Crepidula badisparsa

Scientific classification
- Kingdom: Animalia
- Phylum: Mollusca
- Class: Gastropoda
- Subclass: Caenogastropoda
- Order: Littorinimorpha
- Family: Calyptraeidae
- Genus: Crepidula
- Species: C. badisparsa
- Binomial name: Crepidula badisparsa Collin, 2005

= Crepidula badisparsa =

- Genus: Crepidula
- Species: badisparsa
- Authority: Collin, 2005

Species of gastropod

Crepidula badisparsa is a species of sea snail, a marine gastropod mollusk in the family Calyptraeidae, the slipper snails or slipper limpets, cup-and-saucer snails, and Chinese hat snails.

It is a small species with flecks of tan and dark brown on the shell. It lives attached to other small gastropods in seagrass beds. This species is unusual in that in produces lecithotrophic larvae which hatch as large pediveligers. They swim for a short while before settling.

This species is currently found only in Panama.

== Background ==
The marine gastropod species, Crepidula badisparsa, is a part of the family Calyptraeidae and is one of the many species of slipper snails found off the coasts of Panama. The species' name comes from the Latin word "Badisparsa," which means scattered, referring to spots on the snail’s shell. They are also referred to as “Baby’s boats,” “Quarter-deck shells,” and “Lady’s slippers.” They are known for their plastic shells and simple and conservative anatomy.

==Distribution==
Crepidula badisparsa is currently only found on the Atlantic Coast of Panama at depths between 1 and 2m, in shallow seagrass beds.   Specifically, they have been found in Bocas del Toro Province, Cativa (Coco Solo), and Limon Bay, Panama. Other species of Crepidula have been found by themselves or attached to other snails, but further research is needed to determine whether Crepidula badisparsa live attached to other snails as well.

Due to its limited habitat range and location, little research has been done on Crepidula badisparsa’s ecological role within its habitat.

==Description==
Crepidula badisparsa are small snails, with a maximum shell length of 13mm. Their shells are mainly white, with at least 50% covered in flecks and streaks of tan and dark brown. Snails in the family Crepidula have an expanded foot and a limpet-shaped shell. Their shells also lack muscle scars, and the shape of the individual's shell is determined by the substrate.
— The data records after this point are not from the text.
lemma gen_group_generator: "s \<in> S \<Longrightarrow> s \<in> gen_group S"
  using gen_group.step[OF _ gen_group.one, of s S] by simp

lemma gen_group_mult: "M \<in> gen_group S \<Longrightarrow> N \<in> gen_group S \<Longrightarrow> M ** N \<in> gen_group S"
proof (induction M rule: gen_group.induct)
  case (step s M) then show ?case by (metis gen_group.step matrix_mul_assoc)
qed simp

lemma gen_group_det:
  fixes M :: "real^2^2"
  assumes "\<And>s. s \<in> S \<Longrightarrow> det s = 1" and "M \<in> gen_group S"
  shows "det M = 1"
  using assms(2) by induction (simp_all add: assms(1) det_mul)

lemma gen_group_inv2:
  assumes "\<And>s. s \<in> S \<Longrightarrow> inv2 s \<in> gen_group S" and "M \<in> gen_group S"
  shows "inv2 M \<in> gen_group S"
  using assms(2) by induction (simp_all add: gen_group.one assms(1) inv2_matrix_mult gen_group_mult)

lemma det_Imat: "det Imat = 1"
  by (simp add: Imat_def det_2)

lemma Imat_Imat: "Imat ** Imat = - mat 1"
  by (simp add: Imat_def matrix2_eq_iff matrix_mult_2_nth)

lemma inv2_Imat: "inv2 Imat = - Imat"
  by (simp add: Imat_def matrix2_eq_iff)

lemma bact_Imat: "bact Imat Inf = Fin 0" "bact Imat (Fin 0) = Inf" "y \<noteq> 0 \<Longrightarrow> bact Imat (Fin y) = Fin (- 1 / y)"
  by (simp_all add: bact_def Imat_def)

lemma gact_Imat_e0: "gact Imat e0 = prod.swap e0"
  by (simp add: gact_def e0_def bact_Imat)

lemma gact_Imat_Imat: "gact Imat (gact Imat g) = g"
  by (simp add: gact_matrix_mult[symmetric] det_Imat Imat_Imat gact_uminus)

lemma bleft_gact_Imat_e0:
  "bleft e0 \<xi> \<Longrightarrow> bleft (prod.swap e0) (bact Imat \<xi>)"
  "bleft (prod.swap e0) \<xi> \<Longrightarrow> bleft e0 (bact Imat \<xi>)"
  by (cases \<xi>; auto simp: bact_Imat bleft_e0_Fin bleft_def e0_def)+

lemma cis_minus_2pi_3: "(cis (- 2 * pi / 3))^3 = 1" "cis (- 2 * pi / 3) \<noteq> 1"
proof -
  have "(cis (- 2 * pi / 3))^3 = cis (real 3 * (- 2 * pi / 3))" by (rule Complex.DeMoivre)
  also have "real 3 * (- 2 * pi / 3) = 2 * pi * (-1)" by simp
  also have "cis (2 * pi * (-1)) = 1" by (rule cis_multiple_2pi) simp
  finally show "(cis (- 2 * pi / 3))^3 = 1" .
  have "sin (2 * pi / 3) > 0" by (rule sin_gt_zero) auto
  then show "cis (- 2 * pi / 3) \<noteq> 1" by (auto simp: complex_eq_iff)
qed

text \<open>At the fixed point p the derivative of z \<mapsto> (az+b)/(cz+d) is 1/e^2 with e = cp+d an
  eigenvalue, so e^2 is a primitive cube root of unity and the trace e + 1/e has square 1.\<close>
lemma admissible_trace_sq:
  assumes adm: "admissible_R R"
  shows "(R$1$1 + R$2$2)\<^sup>2 = 1"
proof -
  have d: "det R = 1" using adm by (simp add: admissible_R_def)
  obtain p where p: "Im p > 0" "moeb R p = p" "(moeb R has_field_derivative cis (- 2 * pi / 3)) (at p)"
    using adm unfolding admissible_R_def by blast
  define A B C D where "A = complex_of_real (R$1$1)" and "B = complex_of_real (R$1$2)"
    and "C = complex_of_real (R$2$1)" and "D = complex_of_real (R$2$2)"
  have dA: "A * D - B * C = 1" using d unfolding A_def B_def C_def D_def det_2
    by (simp flip: of_real_mult of_real_diff)
  define e where "e = C * p + D"
  have e_nz: "e \<noteq> 0" using moeb_denom_nonzero[OF p(1), of R] d by (simp add: e_def C_def D_def)
  have mo: "moeb R = (\<lambda>z. (A * z + B) / (C * z + D))" by (auto simp: moeb_def A_def B_def C_def D_def)
  have "((\<lambda>z. (A * z + B) / (C * z + D)) has_field_derivative ((A * (C * p + D) - (A * p + B) * C) / (C * p + D)\<^sup>2)) (at p)"
    using e_nz unfolding e_def by (auto intro!: derivative_eq_intros simp: power2_eq_square)
  moreover have "A * (C * p + D) - (A * p + B) * C = 1" using dA by (simp add: algebra_simps)
  ultimately have "((\<lambda>z. (A * z + B) / (C * z + D)) has_field_derivative (1 / e\<^sup>2)) (at p)"
    unfolding e_def by simp
  then have om: "cis (- 2 * pi / 3) = 1 / e\<^sup>2" using p(3) mo DERIV_unique by metis
  define \<mu> where "\<mu> = e\<^sup>2"
  have mu: "\<mu> \<noteq> 0" using e_nz by (simp add: \<mu>_def)
  have "\<mu>^3 = 1" using cis_minus_2pi_3(1) mu unfolding om \<mu>_def by (simp add: power_divide field_simps)
  moreover have "\<mu> \<noteq> 1" using cis_minus_2pi_3(2) unfolding om \<mu>_def by auto
  ultimately have mq: "\<mu>\<^sup>2 + \<mu> + 1 = 0"
    using mult_eq_0_iff[of "\<mu> - 1" "\<mu>\<^sup>2 + \<mu> + 1"]
    by (simp add: algebra_simps power3_eq_cube power2_eq_square)
  have fx: "A * p + B = e * p" using p(2) e_nz unfolding mo e_def by (simp add: field_simps)
  have ch: "e\<^sup>2 - (A + D) * e + 1 = 0"
  proof -
    have "e\<^sup>2 - (A + D) * e + 1 = C * ((C * p + D) * p - A * p) - A * D + 1"
      by (simp add: e_def power2_eq_square algebra_simps)
    also have "(C * p + D) * p - A * p = B" using fx unfolding e_def by (simp add: algebra_simps)
    finally show ?thesis using dA by (simp add: algebra_simps)
  qed
  have "(A + D)\<^sup>2 * \<mu> = (\<mu> + 1)\<^sup>2" using ch unfolding \<mu>_def by (simp add: power2_eq_square algebra_simps)
  also have "\<dots> = \<mu>" using mq by (simp add: power2_eq_square algebra_simps)
  finally have "(A + D)\<^sup>2 = 1" using mu by simp
  then have "complex_of_real ((R$1$1 + R$2$2)\<^sup>2) = 1" by (simp add: A_def D_def)
  then show ?thesis using of_real_eq_1_iff by blast
qed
Their shells also have a flat-shaped “shelf” that extends on the underside of the snail’s shell and houses the internal organs. Slipper snails like Crepidula have a posterior apex to their flattened shells and a slight lateral curve. Adult Crepidula badisparsa lack an operculum, a hard sheet that can be attached to the bottom of the snail's foot to plug the aperture. Crepidula badisparsa have splotches of yellow and cream on its tentacles, lips, and lappets on its neck. The back side of its head and neck are black and dark gray with black gills. The shell is attached to the body by a shell muscle extending from the front right portion of the foot to where the shell and shelf meet.

The taxonomy of Calyptraeidae is well recorded, as the similar morphological characteristics between individual species have made physical identification difficult. This has led to them becoming the subject of many biological and ecological studies, as the consistent taxonomic information makes them favorable subjects.

==Reproduction==
Crepidula badisparsa reproduce sexually and exhibit protandrous hermaphroditism, meaning they are born male and develop into females as they grow. They lay eggs in transparent capsules that are 286 μm in length. Embryos receive nutrients solely from the yolk and develop vesicles near their heads, as well as an embryonic kidney on both sides of their body. Further details regarding embryonic development and brood size are currently unknown, however, larvae have been observed to hatch as pediveligers with transparent shells around 515 μm in length. Their intestines and velum are also transparent after hatching. Development into pediveligers is unique to this species, as no other members of Crepidula have been observed doing this.

== Diet (feeding habits) ==
All Crepidula are filter feeders and feed mainly on phytoplankton. An individual will use adjoining snails to lift itself off the substrate and then use its gills to create currents that trap phytoplankton. Along with this technique, Crepidula are known to create a mucus net from their gills that catch and transport their food into their food pouch. Crepidula also use their radula to transfer the food caught by the gills into the mouth. Crepidula’s feeding occurs in salinities at or above 20 psu.